▶ [What you have to do]
Take the entries below and print, exactly, the stretch from the line containing "morphism, and is" through the line containing "proof (intro allI impI)", both included.

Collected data

- - -

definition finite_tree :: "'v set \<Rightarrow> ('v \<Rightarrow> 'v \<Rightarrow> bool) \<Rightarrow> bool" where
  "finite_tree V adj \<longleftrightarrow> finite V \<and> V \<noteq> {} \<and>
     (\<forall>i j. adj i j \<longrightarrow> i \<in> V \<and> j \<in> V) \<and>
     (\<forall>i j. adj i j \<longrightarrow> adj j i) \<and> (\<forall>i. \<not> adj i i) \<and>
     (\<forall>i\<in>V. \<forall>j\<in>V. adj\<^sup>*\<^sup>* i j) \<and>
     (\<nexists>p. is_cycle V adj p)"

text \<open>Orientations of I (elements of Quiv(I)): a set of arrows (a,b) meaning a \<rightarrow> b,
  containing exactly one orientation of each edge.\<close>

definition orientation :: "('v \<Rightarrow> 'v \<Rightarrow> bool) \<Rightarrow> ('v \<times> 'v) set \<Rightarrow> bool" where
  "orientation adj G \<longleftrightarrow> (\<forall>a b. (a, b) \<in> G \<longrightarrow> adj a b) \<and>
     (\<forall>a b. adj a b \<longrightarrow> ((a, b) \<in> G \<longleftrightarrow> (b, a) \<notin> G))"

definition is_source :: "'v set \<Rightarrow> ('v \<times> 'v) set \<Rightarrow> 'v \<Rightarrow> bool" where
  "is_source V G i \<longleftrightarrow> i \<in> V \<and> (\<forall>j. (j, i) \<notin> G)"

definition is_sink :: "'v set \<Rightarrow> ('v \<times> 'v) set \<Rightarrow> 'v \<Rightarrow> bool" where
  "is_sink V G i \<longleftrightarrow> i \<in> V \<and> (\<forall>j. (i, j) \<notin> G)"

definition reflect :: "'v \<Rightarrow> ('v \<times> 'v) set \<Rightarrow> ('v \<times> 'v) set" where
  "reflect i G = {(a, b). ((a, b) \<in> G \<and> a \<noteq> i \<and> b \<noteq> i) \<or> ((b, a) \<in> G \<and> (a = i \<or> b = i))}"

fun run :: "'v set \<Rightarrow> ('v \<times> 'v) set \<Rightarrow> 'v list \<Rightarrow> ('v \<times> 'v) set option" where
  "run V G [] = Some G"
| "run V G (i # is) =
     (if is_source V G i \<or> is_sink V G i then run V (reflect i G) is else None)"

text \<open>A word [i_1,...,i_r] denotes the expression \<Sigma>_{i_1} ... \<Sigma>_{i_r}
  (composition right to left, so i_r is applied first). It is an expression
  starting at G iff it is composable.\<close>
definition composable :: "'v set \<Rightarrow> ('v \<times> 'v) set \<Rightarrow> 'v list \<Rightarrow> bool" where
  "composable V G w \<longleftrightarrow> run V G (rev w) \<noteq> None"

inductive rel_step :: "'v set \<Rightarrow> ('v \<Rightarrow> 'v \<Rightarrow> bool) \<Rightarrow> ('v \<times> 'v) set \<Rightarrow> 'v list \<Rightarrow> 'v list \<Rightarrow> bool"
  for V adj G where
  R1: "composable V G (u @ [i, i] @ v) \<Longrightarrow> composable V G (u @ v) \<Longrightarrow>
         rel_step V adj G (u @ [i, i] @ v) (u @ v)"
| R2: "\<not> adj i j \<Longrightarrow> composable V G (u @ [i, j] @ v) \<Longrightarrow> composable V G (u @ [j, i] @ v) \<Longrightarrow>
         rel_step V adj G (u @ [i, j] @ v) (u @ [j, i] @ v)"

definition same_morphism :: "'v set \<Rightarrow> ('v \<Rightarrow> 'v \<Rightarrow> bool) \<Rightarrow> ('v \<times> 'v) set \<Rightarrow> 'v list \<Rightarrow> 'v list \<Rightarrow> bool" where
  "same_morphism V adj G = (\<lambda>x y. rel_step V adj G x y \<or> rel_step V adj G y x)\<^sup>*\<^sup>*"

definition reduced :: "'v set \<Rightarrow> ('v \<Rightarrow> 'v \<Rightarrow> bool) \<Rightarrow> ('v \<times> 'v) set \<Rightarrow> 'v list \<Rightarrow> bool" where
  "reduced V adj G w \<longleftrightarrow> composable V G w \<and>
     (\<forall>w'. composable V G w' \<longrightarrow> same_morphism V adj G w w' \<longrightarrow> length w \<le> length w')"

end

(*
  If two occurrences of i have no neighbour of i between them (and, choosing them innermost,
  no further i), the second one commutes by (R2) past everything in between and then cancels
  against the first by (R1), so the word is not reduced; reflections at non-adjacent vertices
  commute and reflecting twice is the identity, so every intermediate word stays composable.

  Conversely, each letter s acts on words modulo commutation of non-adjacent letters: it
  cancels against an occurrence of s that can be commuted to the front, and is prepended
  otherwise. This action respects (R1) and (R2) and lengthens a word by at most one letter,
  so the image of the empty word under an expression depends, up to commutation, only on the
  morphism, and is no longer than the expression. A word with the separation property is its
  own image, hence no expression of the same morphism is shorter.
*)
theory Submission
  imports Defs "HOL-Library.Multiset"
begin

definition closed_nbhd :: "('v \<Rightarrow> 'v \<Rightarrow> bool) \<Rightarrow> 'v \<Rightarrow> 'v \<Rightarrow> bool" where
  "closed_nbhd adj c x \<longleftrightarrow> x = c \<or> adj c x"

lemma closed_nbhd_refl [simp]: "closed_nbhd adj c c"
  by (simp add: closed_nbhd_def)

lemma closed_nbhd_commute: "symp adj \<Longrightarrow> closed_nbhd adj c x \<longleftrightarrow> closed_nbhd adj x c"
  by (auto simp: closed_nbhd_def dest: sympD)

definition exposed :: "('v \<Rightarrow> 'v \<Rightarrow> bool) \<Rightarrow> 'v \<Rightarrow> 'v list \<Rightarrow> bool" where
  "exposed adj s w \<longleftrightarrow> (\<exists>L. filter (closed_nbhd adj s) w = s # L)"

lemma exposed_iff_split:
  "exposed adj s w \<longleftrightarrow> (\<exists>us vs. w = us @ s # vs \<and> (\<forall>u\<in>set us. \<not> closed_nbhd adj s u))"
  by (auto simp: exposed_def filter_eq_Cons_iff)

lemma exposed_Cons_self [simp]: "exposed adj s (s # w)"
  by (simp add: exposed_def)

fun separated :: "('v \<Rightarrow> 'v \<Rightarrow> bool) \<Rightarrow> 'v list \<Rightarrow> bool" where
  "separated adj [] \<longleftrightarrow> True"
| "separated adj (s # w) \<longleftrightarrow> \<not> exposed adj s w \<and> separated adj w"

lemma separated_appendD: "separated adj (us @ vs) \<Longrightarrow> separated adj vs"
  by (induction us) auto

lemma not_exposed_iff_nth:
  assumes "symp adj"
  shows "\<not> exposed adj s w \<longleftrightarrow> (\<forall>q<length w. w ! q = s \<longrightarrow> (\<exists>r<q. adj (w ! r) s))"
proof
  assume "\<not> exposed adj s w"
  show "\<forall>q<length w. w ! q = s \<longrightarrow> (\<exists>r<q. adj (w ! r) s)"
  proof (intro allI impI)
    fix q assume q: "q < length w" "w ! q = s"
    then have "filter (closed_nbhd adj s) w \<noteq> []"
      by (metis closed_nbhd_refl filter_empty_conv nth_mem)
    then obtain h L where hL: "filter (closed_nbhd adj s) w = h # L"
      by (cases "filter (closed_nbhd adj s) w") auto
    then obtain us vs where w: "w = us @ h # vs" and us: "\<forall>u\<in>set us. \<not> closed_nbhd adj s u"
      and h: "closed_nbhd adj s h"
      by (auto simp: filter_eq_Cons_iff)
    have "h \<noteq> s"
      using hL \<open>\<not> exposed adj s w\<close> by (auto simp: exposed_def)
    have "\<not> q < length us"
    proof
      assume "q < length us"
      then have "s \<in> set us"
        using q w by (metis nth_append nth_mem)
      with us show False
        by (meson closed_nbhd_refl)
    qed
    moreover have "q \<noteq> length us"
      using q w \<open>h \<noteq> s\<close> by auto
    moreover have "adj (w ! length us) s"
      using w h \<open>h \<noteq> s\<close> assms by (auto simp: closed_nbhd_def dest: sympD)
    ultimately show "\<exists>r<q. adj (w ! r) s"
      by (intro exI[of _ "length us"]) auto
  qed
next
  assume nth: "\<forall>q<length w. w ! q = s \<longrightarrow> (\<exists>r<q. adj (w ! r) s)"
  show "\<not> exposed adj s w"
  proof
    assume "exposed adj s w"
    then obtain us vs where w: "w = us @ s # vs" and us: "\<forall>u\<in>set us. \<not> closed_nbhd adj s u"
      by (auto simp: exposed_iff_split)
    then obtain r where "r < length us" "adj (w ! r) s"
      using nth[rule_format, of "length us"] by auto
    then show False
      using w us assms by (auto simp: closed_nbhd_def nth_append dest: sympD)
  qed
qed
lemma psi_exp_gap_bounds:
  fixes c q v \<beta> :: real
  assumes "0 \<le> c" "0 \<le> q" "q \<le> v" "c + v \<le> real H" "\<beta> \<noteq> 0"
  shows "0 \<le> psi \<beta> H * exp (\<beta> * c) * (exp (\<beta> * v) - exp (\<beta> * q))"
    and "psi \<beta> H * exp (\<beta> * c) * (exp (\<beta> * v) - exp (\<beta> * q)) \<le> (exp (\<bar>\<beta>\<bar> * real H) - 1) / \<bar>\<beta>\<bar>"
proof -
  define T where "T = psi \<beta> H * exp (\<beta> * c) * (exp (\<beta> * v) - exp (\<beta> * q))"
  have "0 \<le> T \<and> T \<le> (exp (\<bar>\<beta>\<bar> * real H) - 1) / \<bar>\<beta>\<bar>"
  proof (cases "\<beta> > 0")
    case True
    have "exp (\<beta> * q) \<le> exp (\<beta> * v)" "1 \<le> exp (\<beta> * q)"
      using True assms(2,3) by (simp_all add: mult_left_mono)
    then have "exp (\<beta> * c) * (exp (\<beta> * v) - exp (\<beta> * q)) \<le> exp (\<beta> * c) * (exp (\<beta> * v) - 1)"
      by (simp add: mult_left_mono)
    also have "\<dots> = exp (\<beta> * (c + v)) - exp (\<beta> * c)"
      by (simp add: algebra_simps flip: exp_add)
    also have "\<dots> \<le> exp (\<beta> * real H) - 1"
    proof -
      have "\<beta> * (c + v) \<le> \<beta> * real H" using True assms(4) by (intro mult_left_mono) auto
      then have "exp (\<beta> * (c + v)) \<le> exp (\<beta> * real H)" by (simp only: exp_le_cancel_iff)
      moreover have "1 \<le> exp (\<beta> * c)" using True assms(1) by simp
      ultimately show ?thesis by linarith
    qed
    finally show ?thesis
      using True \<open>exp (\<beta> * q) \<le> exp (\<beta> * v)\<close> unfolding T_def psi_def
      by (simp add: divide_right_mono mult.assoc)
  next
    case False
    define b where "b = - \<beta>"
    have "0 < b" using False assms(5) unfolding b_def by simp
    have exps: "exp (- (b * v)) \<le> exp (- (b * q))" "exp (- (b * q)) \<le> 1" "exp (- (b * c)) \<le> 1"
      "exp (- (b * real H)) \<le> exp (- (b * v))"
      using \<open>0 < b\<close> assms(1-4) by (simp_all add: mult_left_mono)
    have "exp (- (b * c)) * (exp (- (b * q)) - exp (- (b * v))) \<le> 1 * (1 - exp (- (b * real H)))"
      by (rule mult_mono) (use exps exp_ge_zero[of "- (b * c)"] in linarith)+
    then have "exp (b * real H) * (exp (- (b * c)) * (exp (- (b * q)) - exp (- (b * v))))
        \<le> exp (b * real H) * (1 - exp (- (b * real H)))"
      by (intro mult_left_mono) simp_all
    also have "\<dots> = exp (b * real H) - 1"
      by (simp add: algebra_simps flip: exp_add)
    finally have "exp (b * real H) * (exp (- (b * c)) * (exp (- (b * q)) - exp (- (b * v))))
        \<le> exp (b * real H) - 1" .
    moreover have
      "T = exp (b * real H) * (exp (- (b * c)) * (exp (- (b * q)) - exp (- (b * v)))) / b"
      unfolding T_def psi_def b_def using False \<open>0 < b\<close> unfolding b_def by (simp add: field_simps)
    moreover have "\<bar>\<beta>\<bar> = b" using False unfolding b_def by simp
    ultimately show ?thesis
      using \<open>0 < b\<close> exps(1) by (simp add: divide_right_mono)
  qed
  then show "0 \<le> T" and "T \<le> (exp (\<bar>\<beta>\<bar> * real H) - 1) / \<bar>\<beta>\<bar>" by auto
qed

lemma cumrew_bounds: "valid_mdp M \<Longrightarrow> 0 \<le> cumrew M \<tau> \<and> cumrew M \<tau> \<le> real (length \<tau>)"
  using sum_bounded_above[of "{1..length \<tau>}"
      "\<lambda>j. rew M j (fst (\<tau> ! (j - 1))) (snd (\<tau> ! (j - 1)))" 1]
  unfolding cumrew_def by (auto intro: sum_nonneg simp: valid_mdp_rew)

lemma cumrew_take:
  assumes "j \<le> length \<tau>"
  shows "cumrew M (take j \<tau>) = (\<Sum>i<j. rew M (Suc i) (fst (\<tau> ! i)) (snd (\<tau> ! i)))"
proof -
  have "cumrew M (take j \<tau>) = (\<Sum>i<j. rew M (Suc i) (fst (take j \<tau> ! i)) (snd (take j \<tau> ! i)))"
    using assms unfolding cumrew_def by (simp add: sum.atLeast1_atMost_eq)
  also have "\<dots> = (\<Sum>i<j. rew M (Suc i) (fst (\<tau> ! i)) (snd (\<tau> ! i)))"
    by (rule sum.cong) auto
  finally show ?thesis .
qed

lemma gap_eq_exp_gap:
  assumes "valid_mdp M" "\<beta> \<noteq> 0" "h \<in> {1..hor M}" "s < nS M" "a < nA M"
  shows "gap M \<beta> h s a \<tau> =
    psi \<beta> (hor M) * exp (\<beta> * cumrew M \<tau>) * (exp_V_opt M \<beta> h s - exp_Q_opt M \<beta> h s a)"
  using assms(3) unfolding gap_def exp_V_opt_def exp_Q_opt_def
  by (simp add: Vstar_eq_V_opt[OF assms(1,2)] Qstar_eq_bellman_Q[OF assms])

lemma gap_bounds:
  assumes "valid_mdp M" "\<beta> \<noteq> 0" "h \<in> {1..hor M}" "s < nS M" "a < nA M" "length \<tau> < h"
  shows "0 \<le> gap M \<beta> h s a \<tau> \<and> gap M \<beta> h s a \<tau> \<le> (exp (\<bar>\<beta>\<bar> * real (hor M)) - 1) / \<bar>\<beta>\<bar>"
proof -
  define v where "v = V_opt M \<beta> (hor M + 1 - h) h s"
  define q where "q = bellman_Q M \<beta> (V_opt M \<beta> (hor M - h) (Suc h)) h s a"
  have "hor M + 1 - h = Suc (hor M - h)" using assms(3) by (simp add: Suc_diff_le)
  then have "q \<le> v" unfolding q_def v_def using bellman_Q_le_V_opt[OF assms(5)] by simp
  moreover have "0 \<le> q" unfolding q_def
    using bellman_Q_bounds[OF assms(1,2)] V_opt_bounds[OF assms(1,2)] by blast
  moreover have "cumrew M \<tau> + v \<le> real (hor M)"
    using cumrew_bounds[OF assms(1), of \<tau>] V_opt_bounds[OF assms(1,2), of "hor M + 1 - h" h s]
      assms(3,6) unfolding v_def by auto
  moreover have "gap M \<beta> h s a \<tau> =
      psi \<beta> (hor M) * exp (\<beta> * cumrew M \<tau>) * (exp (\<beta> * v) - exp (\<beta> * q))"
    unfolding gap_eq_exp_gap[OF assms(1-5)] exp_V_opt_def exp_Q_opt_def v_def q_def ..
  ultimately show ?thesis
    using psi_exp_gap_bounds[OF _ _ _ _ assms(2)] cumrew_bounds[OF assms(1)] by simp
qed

- - -

▶ [Result of the task]
  morphism, and is no longer than the expression. A word with the separation property is its
  own image, hence no expression of the same morphism is shorter.
*)
theory Submission
  imports Defs "HOL-Library.Multiset"
begin

definition closed_nbhd :: "('v \<Rightarrow> 'v \<Rightarrow> bool) \<Rightarrow> 'v \<Rightarrow> 'v \<Rightarrow> bool" where
  "closed_nbhd adj c x \<longleftrightarrow> x = c \<or> adj c x"

lemma closed_nbhd_refl [simp]: "closed_nbhd adj c c"
  by (simp add: closed_nbhd_def)

lemma closed_nbhd_commute: "symp adj \<Longrightarrow> closed_nbhd adj c x \<longleftrightarrow> closed_nbhd adj x c"
  by (auto simp: closed_nbhd_def dest: sympD)

definition exposed :: "('v \<Rightarrow> 'v \<Rightarrow> bool) \<Rightarrow> 'v \<Rightarrow> 'v list \<Rightarrow> bool" where
  "exposed adj s w \<longleftrightarrow> (\<exists>L. filter (closed_nbhd adj s) w = s # L)"

lemma exposed_iff_split:
  "exposed adj s w \<longleftrightarrow> (\<exists>us vs. w = us @ s # vs \<and> (\<forall>u\<in>set us. \<not> closed_nbhd adj s u))"
  by (auto simp: exposed_def filter_eq_Cons_iff)

lemma exposed_Cons_self [simp]: "exposed adj s (s # w)"
  by (simp add: exposed_def)

fun separated :: "('v \<Rightarrow> 'v \<Rightarrow> bool) \<Rightarrow> 'v list \<Rightarrow> bool" where
  "separated adj [] \<longleftrightarrow> True"
| "separated adj (s # w) \<longleftrightarrow> \<not> exposed adj s w \<and> separated adj w"

lemma separated_appendD: "separated adj (us @ vs) \<Longrightarrow> separated adj vs"
  by (induction us) auto

lemma not_exposed_iff_nth:
  assumes "symp adj"
  shows "\<not> exposed adj s w \<longleftrightarrow> (\<forall>q<length w. w ! q = s \<longrightarrow> (\<exists>r<q. adj (w ! r) s))"
proof
  assume "\<not> exposed adj s w"
  show "\<forall>q<length w. w ! q = s \<longrightarrow> (\<exists>r<q. adj (w ! r) s)"
  proof (intro allI impI)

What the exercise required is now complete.